La revelación de lo ficticio del relato inclusive fue respondida con la negación de algunos
que quedaron ilusionados – y huelga decirlo, algunas amistades entre los patriotas quedaron
fatalmente lesionadas por el desplome del mito. En fin, Seva fue una Ultima Thule, una Atlántida
a los pies de los cerros del Yunque, quizá no hundida por un terremoto de comando divino, sino
sepultada por el cataclismo humano de un general genocida, el tal Miles, de reputación por ser el
invasor primero de los estadounidenses por Guánica.
Y aunque Seva hoy es provincia de la anécdota y un cuento de cierta calidad técnica por
derecho propio, Atlántida y otros países imaginarios hundidos, perdidos o evaporados siguen
siendo realísimos en su papel ideológico.
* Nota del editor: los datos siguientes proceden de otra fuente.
lemma consistent_sum_split:
  assumes V: "finite V" "card V = b + m" and b: "1 \<le> b" and m: "1 \<le> m"
    and B1: "B1 \<subseteq> {1..<b}" and G: "G \<subseteq> {1..<b + m}"
  shows "consistent_sum (b + m) (insert b B1) G V =
    (\<Sum>U | U \<subseteq> V \<and> card U = b. consistent_sum b B1 (lower b G) U) * signed_sum m (upper b G)"
proof -
  let ?A1s = "{A1. B1 \<subseteq> A1 \<and> A1 \<subseteq> {1..<b} \<and> unimodal_cuts A1 (lower b G)}"
  let ?A2s = "{A2. A2 \<subseteq> {1..<m} \<and> unimodal_cuts A2 (upper b G)}"
  let ?Us = "{U. U \<subseteq> V \<and> card U = b}"
  let ?f = "\<lambda>A. int (card {xs \<in> permutations_of_set V. consistent (b + m) A (insert b B1) (entry xs)}) *
    (-1) ^ card (G - A)"
  let ?g = "\<lambda>U A1. int (card {ys \<in> permutations_of_set U. consistent b A1 B1 (entry ys)}) *
    (-1) ^ card (lower b G - A1)"
  have glued: "?f (glue b A1 A2) = (\<Sum>U\<in>?Us. ?g U A1) * signed_weight m (upper b G) A2"
    if "A1 \<in> ?A1s" "A2 \<in> ?A2s" for A1 A2
  proof -
    have A: "A1 \<subseteq> {1..<b}" "A2 \<subseteq> {1..<m}" using that by auto
    show ?thesis
      unfolding card_consistent_glue[OF V A(1) B1 b A(2) m] card_diff_glue[OF A b G]
        signed_weight_def power_add of_nat_mult of_nat_sum sum_distrib_right
      by (simp add: algebra_simps)
  qed
  have "consistent_sum (b + m) (insert b B1) G V = (\<Sum>(A1, A2) \<in> ?A1s \<times> ?A2s. ?f (glue b A1 A2))"
    unfolding consistent_sum_def
    using sum.reindex_bij_betw[OF bij_betw_glue[OF b m B1, of G], of ?f] by (simp add: case_prod_beta')
  also have "\<dots> = (\<Sum>A1\<in>?A1s. \<Sum>A2\<in>?A2s. ?f (glue b A1 A2))"
    by (rule sum.cartesian_product[symmetric])
  also have "\<dots> = (\<Sum>A1\<in>?A1s. \<Sum>A2\<in>?A2s. (\<Sum>U\<in>?Us. ?g U A1) * signed_weight m (upper b G) A2)"
    by (rule sum.cong[OF refl], rule sum.cong[OF refl], rule glued)
  also have "\<dots> = (\<Sum>A1\<in>?A1s. \<Sum>U\<in>?Us. ?g U A1) * signed_sum m (upper b G)"
    unfolding signed_sum_def sum_product ..
  also have "\<dots> = (\<Sum>U\<in>?Us. consistent_sum b B1 (lower b G) U) * signed_sum m (upper b G)"
    unfolding consistent_sum_def by (subst sum.swap) simp
  finally show ?thesis .
qed

lemma subset_insert_iff_lower_upper:
  assumes "B1 \<subseteq> {1..<b}"
  shows "G \<subseteq> insert b B1 \<longleftrightarrow> lower b G \<subseteq> B1 \<and> upper b G = {}"
proof
  assume G: "G \<subseteq> insert b B1"
  then have "lower b G \<subseteq> B1" unfolding lower_def by auto
  moreover have "b + q \<notin> G" if "1 \<le> q" for q using G assms that by fastforce
  ultimately show "lower b G \<subseteq> B1 \<and> upper b G = {}" unfolding upper_def by auto
next
  assume parts: "lower b G \<subseteq> B1 \<and> upper b G = {}"
  show "G \<subseteq> insert b B1"
  proof
    fix g assume "g \<in> G"
    moreover have "g - b \<notin> upper b G" using parts by simp
    ultimately show "g \<in> insert b B1"
      using parts unfolding lower_def upper_def by (cases "g < b") auto
  qed
qed

lemma split_off_max_cut:
  fixes B :: "nat set"
  assumes "B \<noteq> {}" "B \<subseteq> {1..<n}"
  obtains b B1 m where "B = insert b B1" "B1 \<subseteq> {1..<b}" "1 \<le> b" "1 \<le> m" "n = b + m"
proof -
  define b where "b = Max B"
  have "finite B" using assms(2) finite_subset by blast
  then have "b \<in> B" "B - {b} \<subseteq> {1..<b}"
    using assms unfolding b_def by (auto simp: order.not_eq_order_implies_strict)
  moreover have "1 \<le> b" "b < n" using \<open>b \<in> B\<close> assms(2) by auto
  ultimately show ?thesis using that[of b "B - {b}" "n - b"] by auto
qed

lemma fact_eq_choose_fact_fact: "b \<le> n \<Longrightarrow> (fact n :: int) = of_nat (n choose b) * fact b * fact (n - b)"
proof -
  assume "b \<le> n"
  then have "fact b * fact (n - b) * (n choose b) = (fact n :: nat)" by (rule binomial_fact_lemma)
  then have "(fact n :: int) = of_nat (fact b * fact (n - b) * (n choose b))" by (simp only: of_nat_fact)
  then show ?thesis by (simp add: of_nat_fact)
qed

lemma consistent_sum_eq:
  assumes "finite V" "card V = n" "B \<subseteq> {1..<n}" "G \<subseteq> {1..<n}"
  shows "consistent_sum n B G V = (if G \<subseteq> B then fact n else 0)"
  using assms
proof (induction n arbitrary: B G V rule: less_induct)
  case (less n)
  show ?case
  proof (cases "B = {}")
    case True
    then show ?thesis using consistent_sum_no_blocks less.prems by simp
  next
    case False
    then obtain b B1 m where B: "B = insert b B1" and B1: "B1 \<subseteq> {1..<b}"
      and bm: "1 \<le> b" "1 \<le> m" "n = b + m"
      using split_off_max_cut less.prems(3) by blast
    have lower: "consistent_sum b B1 (lower b G) U = (if lower b G \<subseteq> B1 then fact b else 0)"
      if "U \<subseteq> V" "card U = b" for U
    proof -
      have "lower b G \<subseteq> {1..<b}" using less.prems(4) unfolding lower_def by auto
      moreover have "b < n" using bm by simp
      ultimately show ?thesis
        using less.IH[OF _ finite_subset[OF that(1) less.prems(1)] that(2) B1] by simp
    qed
    have upper: "signed_sum m (upper b G) = (if upper b G = {} then fact m else 0)"
    proof -
      have "upper b G \<subseteq> {1..<m}" using less.prems(4) bm(3) unfolding upper_def by auto
      then show ?thesis using signed_sum_eq[OF bm(2)] by simp
    qed
    have "(\<Sum>U | U \<subseteq> V \<and> card U = b. consistent_sum b B1 (lower b G) U) =
        (\<Sum>U | U \<subseteq> V \<and> card U = b. if lower b G \<subseteq> B1 then fact b else 0)"
      by (rule sum.cong) (simp_all add: lower)
    moreover have "card {U. U \<subseteq> V \<and> card U = b} = n choose b"
      using n_subsets[OF less.prems(1)] less.prems(2) by simp
    moreover have "consistent_sum n B G V =
        (\<Sum>U | U \<subseteq> V \<and> card U = b. consistent_sum b B1 (lower b G) U) * signed_sum m (upper b G)"
      unfolding B bm(3) by (rule consistent_sum_split) (use less.prems bm B1 in \<open>simp_all\<close>)
    ultimately have "consistent_sum n B G V = of_nat (n choose b) *
        (if lower b G \<subseteq> B1 then fact b else 0) * (if upper b G = {} then fact m else 0)"
      unfolding upper by simp
    moreover have "(fact n :: int) = of_nat (n choose b) * fact b * fact m"
      using fact_eq_choose_fact_fact[of b n] bm by simp
    ultimately show ?thesis unfolding B subset_insert_iff_lower_upper[OF B1]
      by (cases "lower b G \<subseteq> B1"; cases "upper b G = {}") simp_all
  qed
qed

section \<open>Compositions as cut sets\<close>

abbreviation psum :: "nat list \<Rightarrow> nat \<Rightarrow> nat" where "psum \<alpha> i \<equiv> sum_list (take i \<alpha>)"

lemma psum_Suc: "i < length \<alpha> \<Longrightarrow> psum \<alpha> (Suc i) = psum \<alpha> i + \<alpha> ! i"
  by (simp add: take_Suc_conv_app_nth)

lemma psum_strict_mono:
  assumes "is_comp n \<alpha>" "i < j" "j \<le> length \<alpha>"
  shows "psum \<alpha> i < psum \<alpha> j"
  using assms(2,3)
proof (induction j)
  case 0 then show ?case by simp
next
  case (Suc j)
  have pos: "0 < \<alpha> ! j" using assms(1) Suc.prems unfolding is_comp_def by auto
  have e: "psum \<alpha> (Suc j) = psum \<alpha> j + \<alpha> ! j" using Suc.prems by (simp add: psum_Suc)
  show ?case
  proof (cases "i = j")
    case True then show ?thesis using e pos by simp
  next
    case False
    hence "psum \<alpha> i < psum \<alpha> j" using Suc by simp
    then show ?thesis using e by simp
  qed
qed

lemma psum_less_iff:
  assumes "is_comp n \<alpha>" "i \<le> length \<alpha>" "j \<le> length \<alpha>"
  shows "psum \<alpha> i < psum \<alpha> j \<longleftrightarrow> i < j"
  using psum_strict_mono[OF assms(1)] assms(2,3)
  by (metis less_asym linorder_neqE_nat)

lemma psum_le_iff:
  assumes "is_comp n \<alpha>" "i \<le> length \<alpha>" "j \<le> length \<alpha>"
  shows "psum \<alpha> i \<le> psum \<alpha> j \<longleftrightarrow> i \<le> j"
  using psum_less_iff[OF assms(1) assms(3) assms(2)] by linarith

lemma psum_length: "is_comp n \<alpha> \<Longrightarrow> psum \<alpha> (length \<alpha>) = n"
  unfolding is_comp_def by simp

lemma is_comp_length_pos: "is_comp n \<alpha> \<Longrightarrow> 1 \<le> n \<Longrightarrow> 1 \<le> length \<alpha>"
  unfolding is_comp_def by (cases \<alpha>) auto

lemma psum_locate:
  assumes "is_comp n \<alpha>" "1 \<le> p" "p \<le> n"
  shows "\<exists>i. 1 \<le> i \<and> i \<le> length \<alpha> \<and> psum \<alpha> (i - 1) < p \<and> p \<le> psum \<alpha> i"
proof -
  define i where "i = (LEAST i. p \<le> psum \<alpha> i)"
  have ex: "p \<le> psum \<alpha> (length \<alpha>)" using psum_length[OF assms(1)] assms by simp
  have pi: "p \<le> psum \<alpha> i" unfolding i_def by (rule LeastI[of _ "length \<alpha>"]) (rule ex)
  have il: "i \<le> length \<alpha>" unfolding i_def by (rule Least_le) (rule ex)
  have i0: "i \<noteq> 0" using pi assms(2) by (cases i) auto
  have "\<not> p \<le> psum \<alpha> (i - 1)" unfolding i_def
    by (rule not_less_Least) (use i0 i_def in simp)
  thus ?thesis using pi il i0 by (intro exI[of _ i]) auto
qed

lemma Sset_eq_image: "Sset \<alpha> = psum \<alpha> ` {1..<length \<alpha>}"
  unfolding Sset_def by auto

lemma Sset_subset:
  assumes "is_comp n \<alpha>" shows "Sset \<alpha> \<subseteq> {1..<n}"
proof
  fix x assume "x \<in> Sset \<alpha>"
  then obtain i where i: "1 \<le> i" "i < length \<alpha>" "x = psum \<alpha> i" unfolding Sset_eq_image by auto
  have "psum \<alpha> 0 < psum \<alpha> i" using psum_strict_mono[OF assms, of 0 i] i by simp
  moreover have "psum \<alpha> i < psum \<alpha> (length \<alpha>)" using psum_strict_mono[OF assms, of i "length \<alpha>"] i by simp
  ultimately show "x \<in> {1..<n}" using i psum_length[OF assms] by auto
qed

lemma Sset_snoc: "Sset (xs @ [c]) = (if xs = [] then {} else insert (sum_list xs) (Sset xs))"
proof (cases "xs = []")
  case True then show ?thesis unfolding Sset_def by simp
next
  case False
  have "Sset (xs @ [c]) = (\<lambda>i. psum (xs @ [c]) i) ` {1..<Suc (length xs)}" unfolding Sset_eq_image by simp
  also have "\<dots> = psum xs ` {1..length xs}"
    by (rule image_cong) auto
  also have "{1..length xs} = insert (length xs) {1..<length xs}" using False by (cases xs) auto
  finally show ?thesis using False unfolding Sset_eq_image by simp
qed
Estos mundos no son realidades perdidas porque lo
hayan dicho así los geólogos, los historiadores o los astrofísicos. No los podemos despachar
como puras entelequias. Son “realidades presentes” porque su imagen y su “recuerdo”, antítesis
de un presente sin esperanza, le dan cierta materialidad cuando se hacen creadoras de esa efímera
centella de la ilusión que atiza la creación y la investigación humanas, así como el consuelo y la
esperanza de un futuro distinto y hermoso para la humanidad.